W segmencie telefonii mobilnej największe wzrosty inwestycji
wykazywał P4. Przy spadkowej tendencji właściwej operatorom
zasiedziałym (PTC, PTK Centertel, Polkomtel), nowi gracze na rynku (P4,
Aero2 oraz CenterNet) odznaczali się wysoką dynamiką wzrostu, w
konsekwencji wszyscy operatorzy komórkowi zanotowali wzrost wydatków
inwestycyjnych w latach 2006-2009. Jednak w 2010 roku wszyscy
operatorzy obniżyli nakłady na inwestycje.

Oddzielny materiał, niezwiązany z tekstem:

(* Consider the $T$-round online first-price auction problem described in the context. For any integer $L_T\in\{1,\dots,T\}$ with $L_T\le\frac T3$, \[ \inf_{\pi\in\Pi}\ \sup_{(v_t,m_t)_{t=1}^T\in\mathcal{L}}\mathbb{E}[\mathrm{DR}_T(\pi)]\ge\frac{L_T}{8}. \]
   Context: Online first-price auction over $T$ rounds: at each round $t$ the learner observes a private value $v_t\in[0,1]$, submits a bid $b_t\in[0,1]$, then observes $m_t\in[0,1]$, the highest bid of the other bidders, and receives reward $r(b_t;v_t,m_t)$ with $r(b;v,m)\coloneqq(v-b)\mathbbm{1}(b\ge m)$. An admissible policy $\pi\in\Pi$ is a sequence of measurable functions $\pi_t$ with $b_t=\pi_t((v_s,m_s)_{s=1}^{t-1},v_t,U)$, where $U$ is the learner's internal random variable. The expected dynamic regret is $\mathbb{E}[\mathrm{DR}_T(\pi)]\coloneqq\sum_{t=1}^T\max\{v_t-m_t,0\}-\sum_{t=1}^T\mathbb{E}[r(b_t;v_t,m_t)]$. $\mathcal{L}\coloneqq\{(v_t,m_t)_{t=1}^T\in[0,1]^{2T}:\sum_{t=2}^T\mathbbm{1}(m_t\ne m_{t-1})\le L_T\}$. *)

theory Defs
  imports "HOL-Probability.Probability"
begin

text \<open>Reward of bidding b with value v when the highest competing bid is m.\<close>
definition reward :: "real \<Rightarrow> real \<Rightarrow> real \<Rightarrow> real" where
  "reward b v m = (if b \<ge> m then v - b else 0)"

definition history :: "(nat \<Rightarrow> real) \<Rightarrow> (nat \<Rightarrow> real) \<Rightarrow> nat \<Rightarrow> (real \<times> real) list" where
  "history v m t = map (\<lambda>s. (v s, m s)) [1..<t]"

text \<open>Admissible policies: a bid function for each round t, taking the history,
  the current value and the internal randomness u (drawn from the probability space M),
  measurable in u and with bids in [0,1].\<close>
definition admissible :: "'u measure \<Rightarrow> (nat \<Rightarrow> (real \<times> real) list \<Rightarrow> real \<Rightarrow> 'u \<Rightarrow> real) \<Rightarrow> bool" where
  "admissible M \<pi> \<longleftrightarrow>
     (\<forall>t h x. (\<lambda>u. \<pi> t h x u) \<in> borel_measurable M) \<and>
     (\<forall>t h x. \<forall>u\<in>space M. 0 \<le> \<pi> t h x u \<and> \<pi> t h x u \<le> 1)"

definition env_set :: "nat \<Rightarrow> nat \<Rightarrow> ((nat \<Rightarrow> real) \<times> (nat \<Rightarrow> real)) set" where
  "env_set T L = {(v, m). (\<forall>t\<in>{1..T}. 0 \<le> v t \<and> v t \<le> 1 \<and> 0 \<le> m t \<and> m t \<le> 1) \<and>
                   card {t\<in>{2..T}. m t \<noteq> m (t - 1)} \<le> L}"

definition exp_dyn_regret ::
  "'u measure \<Rightarrow> (nat \<Rightarrow> (real \<times> real) list \<Rightarrow> real \<Rightarrow> 'u \<Rightarrow> real) \<Rightarrow> nat
     \<Rightarrow> (nat \<Rightarrow> real) \<Rightarrow> (nat \<Rightarrow> real) \<Rightarrow> real" where
  "exp_dyn_regret M \<pi> T v m =
     (\<Sum>t=1..T. max (v t - m t) 0)
     - (\<Sum>t=1..T. \<integral>u. reward (\<pi> t (history v m t) (v t) u) (v t) (m t) \<partial>M)"

end

theory Submission
  imports Defs
begin

text \<open>A fixed policy can be simulated by the adversary. Take value 1 in every round and let the
  highest competing bid of round t be 0 if the expected bid of the policy (given the history
  so far) is at least 1/4, and 1/2 otherwise. In the first case the learner pays its expected
  bid, in the second its expected reward is at most its expected bid, which is below 1/4,
  while the benchmark is 1/2. So each of the first L rounds costs at least 1/4, and freezing
  the competing bid afterwards keeps the number of its changes below L. This even gives L/4.\<close>

definition random_bid :: "'u measure \<Rightarrow> ('u \<Rightarrow> real) \<Rightarrow> bool" where
  "random_bid M b \<longleftrightarrow> b \<in> borel_measurable M \<and> (\<forall>u\<in>space M. 0 \<le> b u \<and> b u \<le> 1)"

lemma admissible_random_bid: "admissible M \<pi> \<Longrightarrow> random_bid M (\<pi> t h x)"
  unfolding admissible_def random_bid_def by blast

definition round_regret :: "'u measure \<Rightarrow> ('u \<Rightarrow> real) \<Rightarrow> real \<Rightarrow> real \<Rightarrow> real" where
  "round_regret M b v m = max (v - m) 0 - (\<integral>u. reward (b u) v m \<partial>M)"

lemma exp_dyn_regret_eq_sum_round_regret:
  "exp_dyn_regret M \<pi> T v m = (\<Sum>t=1..T. round_regret M (\<pi> t (history v m t) (v t)) (v t) (m t))"
  unfolding exp_dyn_regret_def round_regret_def by (simp add: sum_subtractf)

context prob_space
begin

lemma integrable_random_bid: "random_bid M b \<Longrightarrow> integrable M b"
  unfolding random_bid_def by (intro integrable_const_bound[where B=1]) (auto intro!: AE_I2)

lemma integrable_reward:
  assumes "random_bid M b"
  shows "integrable M (\<lambda>u. reward (b u) v m)"
proof (rule integrable_const_bound[where B="\<bar>v\<bar> + 1"])
  show "AE u in M. norm (reward (b u) v m) \<le> \<bar>v\<bar> + 1"
    using assms by (auto intro!: AE_I2 simp: random_bid_def reward_def)
  have "b \<in> borel_measurable M"
    using assms by (simp add: random_bid_def)
  then show "(\<lambda>u. reward (b u) v m) \<in> borel_measurable M"
    unfolding reward_def by measurable
qed

lemma round_regret_nonneg:
  assumes "random_bid M b" "0 \<le> m"
  shows "0 \<le> round_regret M b v m"
proof -
  have "(\<integral>u. reward (b u) v m \<partial>M) \<le> (\<integral>u. max (v - m) 0 \<partial>M)"
    using assms by (intro integral_mono integrable_reward) (auto simp: random_bid_def reward_def)
  then show ?thesis by (simp add: round_regret_def prob_space)
qed

lemma round_regret_le_2:
  assumes "random_bid M b" "0 \<le> v" "v \<le> 1" "0 \<le> m"
  shows "round_regret M b v m \<le> 2"
proof -
  have "(\<integral>u. -1 \<partial>M) \<le> (\<integral>u. reward (b u) v m \<partial>M)"
    using assms by (intro integral_mono integrable_reward) (auto simp: random_bid_def reward_def)
  then show ?thesis using assms(2-4) by (simp add: round_regret_def prob_space)
qed

end

definition adversary_price :: "'u measure \<Rightarrow> ('u \<Rightarrow> real) \<Rightarrow> real" where
  "adversary_price M b = (if (\<integral>u. b u \<partial>M) \<ge> 1/4 then 0 else 1/2)"

lemma (in prob_space) round_regret_adversary_price:
  assumes "random_bid M b"
  shows "1/4 \<le> round_regret M b 1 (adversary_price M b)"
proof (cases "(\<integral>u. b u \<partial>M) \<ge> 1/4")
  case True
  have "(\<integral>u. reward (b u) 1 0 \<partial>M) = (\<integral>u. 1 - b u \<partial>M)"
    using assms by (intro Bochner_Integration.integral_cong) (auto simp: random_bid_def reward_def)
  also have "\<dots> = 1 - (\<integral>u. b u \<partial>M)"
    using integrable_random_bid[OF assms] by (simp add: prob_space)
  finally show ?thesis using True by (simp add: round_regret_def adversary_price_def)
next
  case False
  have "(\<integral>u. reward (b u) 1 (1/2) \<partial>M) \<le> (\<integral>u. b u \<partial>M)"
    using assms by (intro integral_mono integrable_reward integrable_random_bid)
      (auto simp: random_bid_def reward_def)
  then show ?thesis using False by (simp add: round_regret_def adversary_price_def)
qed

fun adversary_prices ::
  "'u measure \<Rightarrow> (nat \<Rightarrow> (real \<times> real) list \<Rightarrow> real \<Rightarrow> 'u \<Rightarrow> real) \<Rightarrow> nat \<Rightarrow> nat \<Rightarrow> real" where
  "adversary_prices M \<pi> K 0 = 0"
| "adversary_prices M \<pi> K (Suc n) =
     (if Suc n \<le> K
      then adversary_price M (\<pi> (Suc n) (map (\<lambda>s. (1, adversary_prices M \<pi> K s)) [1..<Suc n]) 1)
      else adversary_prices M \<pi> K n)"

lemma adversary_prices_bounds: "0 \<le> adversary_prices M \<pi> K t \<and> adversary_prices M \<pi> K t \<le> 1"
  by (induction t) (auto simp: adversary_price_def)

lemma adversary_prices_adaptive:
  "1 \<le> t \<Longrightarrow> t \<le> K \<Longrightarrow> adversary_prices M \<pi> K t =
     adversary_price M (\<pi> t (history (\<lambda>_. 1) (adversary_prices M \<pi> K) t) 1)"
  by (cases t) (auto simp: history_def)

lemma adversary_prices_changes:
  "{t\<in>{2..T}. adversary_prices M \<pi> K t \<noteq> adversary_prices M \<pi> K (t - 1)} \<subseteq> {2..K}"
proof
  fix t assume t: "t \<in> {t\<in>{2..T}. adversary_prices M \<pi> K t \<noteq> adversary_prices M \<pi> K (t - 1)}"
  then obtain n where "t = Suc n" by (cases t) auto
  with t show "t \<in> {2..K}" by (cases "t \<le> K") auto
qed

lemma adversary_prices_env_set: "(\<lambda>_. 1, adversary_prices M \<pi> L) \<in> env_set T L"
proof -
  have "card {t\<in>{2..T}. adversary_prices M \<pi> L t \<noteq> adversary_prices M \<pi> L (t - 1)} \<le> card {2..L}"
    by (intro card_mono adversary_prices_changes) simp
  then show ?thesis
    using adversary_prices_bounds[of M \<pi> L] by (auto simp: env_set_def)
qed

lemma exp_dyn_regret_adversary_prices:
  assumes "prob_space M" "admissible M \<pi>" "L \<le> T"
  shows "real L / 4 \<le> exp_dyn_regret M \<pi> T (\<lambda>_. 1) (adversary_prices M \<pi> L)"
proof -
  interpret prob_space M by fact
  define f where "f t = round_regret M (\<pi> t (history (\<lambda>_. 1) (adversary_prices M \<pi> L) t) 1) 1
    (adversary_prices M \<pi> L t)" for t
  have "real L / 4 = (\<Sum>t=1..L. 1/4)" by simp
  also have "\<dots> \<le> (\<Sum>t=1..L. f t)"
  proof (rule sum_mono)
    fix t assume "t \<in> {1..L}"
    then have "adversary_prices M \<pi> L t =
        adversary_price M (\<pi> t (history (\<lambda>_. 1) (adversary_prices M \<pi> L) t) 1)"
      by (intro adversary_prices_adaptive) auto
    then show "1/4 \<le> f t"
      unfolding f_def by (metis round_regret_adversary_price admissible_random_bid assms(2))
  qed
  also have "\<dots> \<le> (\<Sum>t=1..T. f t)"
    using assms(3) adversary_prices_bounds
    by (intro sum_mono2) (auto simp: f_def intro!: round_regret_nonneg admissible_random_bid[OF assms(2)])
  finally show ?thesis by (simp add: exp_dyn_regret_eq_sum_round_regret f_def)
qed

lemma exp_dyn_regret_le:
  assumes "prob_space M" "admissible M \<pi>" "(v, m) \<in> env_set T L"
  shows "exp_dyn_regret M \<pi> T v m \<le> 2 * real T"
proof -
  interpret prob_space M by fact
  have "exp_dyn_regret M \<pi> T v m \<le> (\<Sum>t=1..T. 2)"
    unfolding exp_dyn_regret_eq_sum_round_regret
    using assms(3) round_regret_le_2 admissible_random_bid[OF assms(2)]
    by (intro sum_mono) (auto simp: env_set_def)
  then show ?thesis by simp
qed

theorem theorem5:
  fixes M :: "'u measure" and T L :: nat
  assumes "prob_space M"
    and "1 \<le> L" and "L \<le> T" and "3 * L \<le> T"
    and "admissible M \<pi>"
  shows "(SUP vm \<in> env_set T L. exp_dyn_regret M \<pi> T (fst vm) (snd vm)) \<ge> real L / 8"
proof -
  let ?regret = "\<lambda>vm. exp_dyn_regret M \<pi> T (fst vm) (snd vm)"
  have "bdd_above (?regret ` env_set T L)"
    using exp_dyn_regret_le[OF assms(1,5)] by (intro bdd_aboveI2[where M="2 * real T"]) auto
  then have "?regret (\<lambda>_. 1, adversary_prices M \<pi> L) \<le> (SUP vm \<in> env_set T L. ?regret vm)"
    by (rule cSUP_upper[OF adversary_prices_env_set])
  moreover have "real L / 4 \<le> ?regret (\<lambda>_. 1, adversary_prices M \<pi> L)"
    using exp_dyn_regret_adversary_prices[OF assms(1,5,3)] by simp
  ultimately show ?thesis by simp
qed

end
(* Let $\mathcal{H}$ be a complex Hilbert space and $T\in\mathbb{B}(\mathcal{H})$ with Cartesian decomposition $T=T_1+iT_2$, $T_1=\frac{T+T^*}{2}$, $T_2=\frac{T-T^*}{2i}$. Then the quantity $2\omega^2(T)-\max(\alpha(T),\alpha(T^* ))+D(T)$ is nonnegative and \[ \|T\|\le \sqrt{2\,\omega^2(T)-\max\big(\alpha(T),\alpha(T^* )\big)+D(T)}\le 2\,\omega(T). \]
   Context: $\mathbb{B}(\mathcal{H})$ denotes the bounded linear operators on $\mathcal{H}$. For $T\in\mathbb{B}(\mathcal{H})$: $\omega(T)=\sup\{|\langle Tx,x\rangle| : \|x\|=1\}$ (numerical radius); $\|T\|$ is the operator norm; $\alpha(T)=\inf_{\|x\|=1}\|Tx\|^2$; $D(T)=2\min(\|T_1\|^2,\|T_2\|^2)$ where $T_1=\frac{T+T^*}{2}$, $T_2=\frac{T-T^*}{2i}$. *)

theory Defs
  imports "HOL-Analysis.Analysis"
begin

text \<open>Complex inner product spaces (not in the distribution): a real normed vector
space with a compatible complex scalar multiplication and a complex inner product,
linear in the first and conjugate-linear in the second argument, inducing the norm.\<close>

class complex_inner = real_normed_vector +
  fixes scaleC :: "complex \<Rightarrow> 'a \<Rightarrow> 'a" (infixr \<open>*\<^sub>C\<close> 75)
    and cinner :: "'a \<Rightarrow> 'a \<Rightarrow> complex"
  assumes scaleC_add_right: "a *\<^sub>C (x + y) = a *\<^sub>C x + a *\<^sub>C y"
    and scaleC_add_left: "(a + b) *\<^sub>C x = a *\<^sub>C x + b *\<^sub>C x"
    and scaleC_scaleC: "a *\<^sub>C (b *\<^sub>C x) = (a * b) *\<^sub>C x"
    and scaleC_one: "1 *\<^sub>C x = x"
    and scaleR_scaleC: "scaleR r x = complex_of_real r *\<^sub>C x"
    and cinner_commute: "cinner x y = cnj (cinner y x)"
    and cinner_add_left: "cinner (x + y) z = cinner x z + cinner y z"
    and cinner_scaleC_left: "cinner (a *\<^sub>C x) y = a * cinner x y"
    and cinner_self_Im: "Im (cinner x x) = 0"
    and cinner_self_nonneg: "0 \<le> Re (cinner x x)"
    and cinner_self_eq_zero: "cinner x x = 0 \<longleftrightarrow> x = 0"
    and norm_eq_sqrt_cinner: "norm x = sqrt (Re (cinner x x))"

class chilbert_space = complex_inner + complete_space

definition bounded_clinear_op :: "('a::complex_inner \<Rightarrow> 'a) \<Rightarrow> bool" where
  "bounded_clinear_op T \<longleftrightarrow>
     (\<forall>x y. T (x + y) = T x + T y) \<and> (\<forall>c x. T (c *\<^sub>C x) = c *\<^sub>C T x) \<and>
     (\<exists>K. \<forall>x. norm (T x) \<le> norm x * K)"

definition is_adjoint :: "('a::complex_inner \<Rightarrow> 'a) \<Rightarrow> ('a \<Rightarrow> 'a) \<Rightarrow> bool" where
  "is_adjoint S T \<longleftrightarrow> (\<forall>x y. cinner (T x) y = cinner x (S y))"

definition numrad :: "('a::complex_inner \<Rightarrow> 'a) \<Rightarrow> real" where
  "numrad T = Sup {cmod (cinner (T x) x) | x. norm x = 1}"
lemma fourier_correlation:
  assumes F: "integrable lborel F" and \<Phi>: "integrable lborel \<Phi>"
  shows "fourier (correlation F \<Phi>) \<eta> = fourier F \<eta> * fourier \<Phi> (- \<eta>)"
proof -
  have [measurable]: "F \<in> borel_measurable borel" "\<Phi> \<in> borel_measurable borel" using F \<Phi> by auto
  have "integrable (lborel \<Otimes>\<^sub>M lborel) (\<lambda>(u, x). F u * \<Phi> (u + -1 * x))"
    by (rule integrable_pair_affine[OF F \<Phi>]) simp
  then have "integrable (lborel \<Otimes>\<^sub>M lborel) (\<lambda>(u, x). F u * \<Phi> (u - x))"
    by simp
  then have int: "integrable (lborel \<Otimes>\<^sub>M lborel) (\<lambda>(u, x). F u * \<Phi> (u - x) * fourier_kernel x \<eta>)"
    by (rule Bochner_Integration.integrable_bound) (auto simp: norm_mult)
  have inner: "(\<integral>x. F u * \<Phi> (u - x) * fourier_kernel x \<eta> \<partial>lborel)
      = F u * fourier_kernel u \<eta> * fourier \<Phi> (- \<eta>)" for u
  proof -
    have "F u * \<Phi> (u - x) * fourier_kernel x \<eta>
        = F u * fourier_kernel u \<eta> * (\<Phi> (u - x) * fourier_kernel (u - x) (- \<eta>))" for x
      by (simp add: fourier_kernel_uminus_freq fourier_kernel_add[symmetric])
    then have "(\<integral>x. F u * \<Phi> (u - x) * fourier_kernel x \<eta> \<partial>lborel)
        = (\<integral>x. F u * fourier_kernel u \<eta> * (\<Phi> (u - x) * fourier_kernel (u - x) (- \<eta>)) \<partial>lborel)"
      by (rule Bochner_Integration.integral_cong[OF refl])
    also have "\<dots> = F u * fourier_kernel u \<eta> * (\<integral>x. \<Phi> (u - x) * fourier_kernel (u - x) (- \<eta>) \<partial>lborel)"
      by (rule integral_mult_right_zero)
    finally show ?thesis
      unfolding integral_translate(2)[of "\<lambda>t. \<Phi> t * fourier_kernel t (- \<eta>)"] fourier_def .
  qed
  have "fourier (correlation F \<Phi>) \<eta> = (\<integral>x. \<integral>u. F u * \<Phi> (u - x) * fourier_kernel x \<eta> \<partial>lborel \<partial>lborel)"
    unfolding fourier_def correlation_def by simp
  also have "\<dots> = (\<integral>u. \<integral>x. F u * \<Phi> (u - x) * fourier_kernel x \<eta> \<partial>lborel \<partial>lborel)"
    using lborel_pair.Fubini_integral[of "\<lambda>u x. F u * \<Phi> (u - x) * fourier_kernel x \<eta>"] int by simp
  also have "\<dots> = fourier F \<eta> * fourier \<Phi> (- \<eta>)"
    unfolding inner fourier_def by simp
  finally show ?thesis .
qed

Najszybciej rosły nakłady na Internet mobilny, co obrazuje kategoria
wydatków na dostęp internetowy 2G/3G (prawie dwukrotny wzrost w latach
2006-2009) przy zmiennym trendzie inwestycji w stacjonarne łącza xDSL.
W badanym okresie ich wartość wzrosła do poziomu 1,37 mld PLN w 2007
roku, następnie spadła o 49%, by w 2010 roku ponownie wrócić do poziomu
bliskiego wartości z 2007 roku.

Zauważalna jest wyraźna schyłkowość telefonii stacjonarnej. W latach
2006-2010 dostrzec można wyraźną tendencję spadkową średnio o 20,4%
rocznie.

Rok 2007 przyniósł ponad szesnastokrotny wzrost wydatków na rozwój
usługi BSA, tj. do poziomu 33 mln PLN. W latach 2007-2009 w ślad za
inwestycjami we własną infrastrukturę w technologii xDSL, spadały
nakłady na BSA, na której rozwój przeznaczono w okresie 2007-2008 o
81,1% środków mniej. W 2008 roku ponad dwudziestokrotnie wzrosły jednak
wydatki na LLU.

Inwestycje w telekomunikacji prowadzone są z dużą rozwagą ze względu
na ogromne, tzw. koszty utopione. Koszty te nie powinny być
uwzględniane przy podejmowaniu decyzji o rozpoczęciu lub zaniechaniu
działań inwestycyjnych, w praktyce jednak odgrywają one kluczową rolę.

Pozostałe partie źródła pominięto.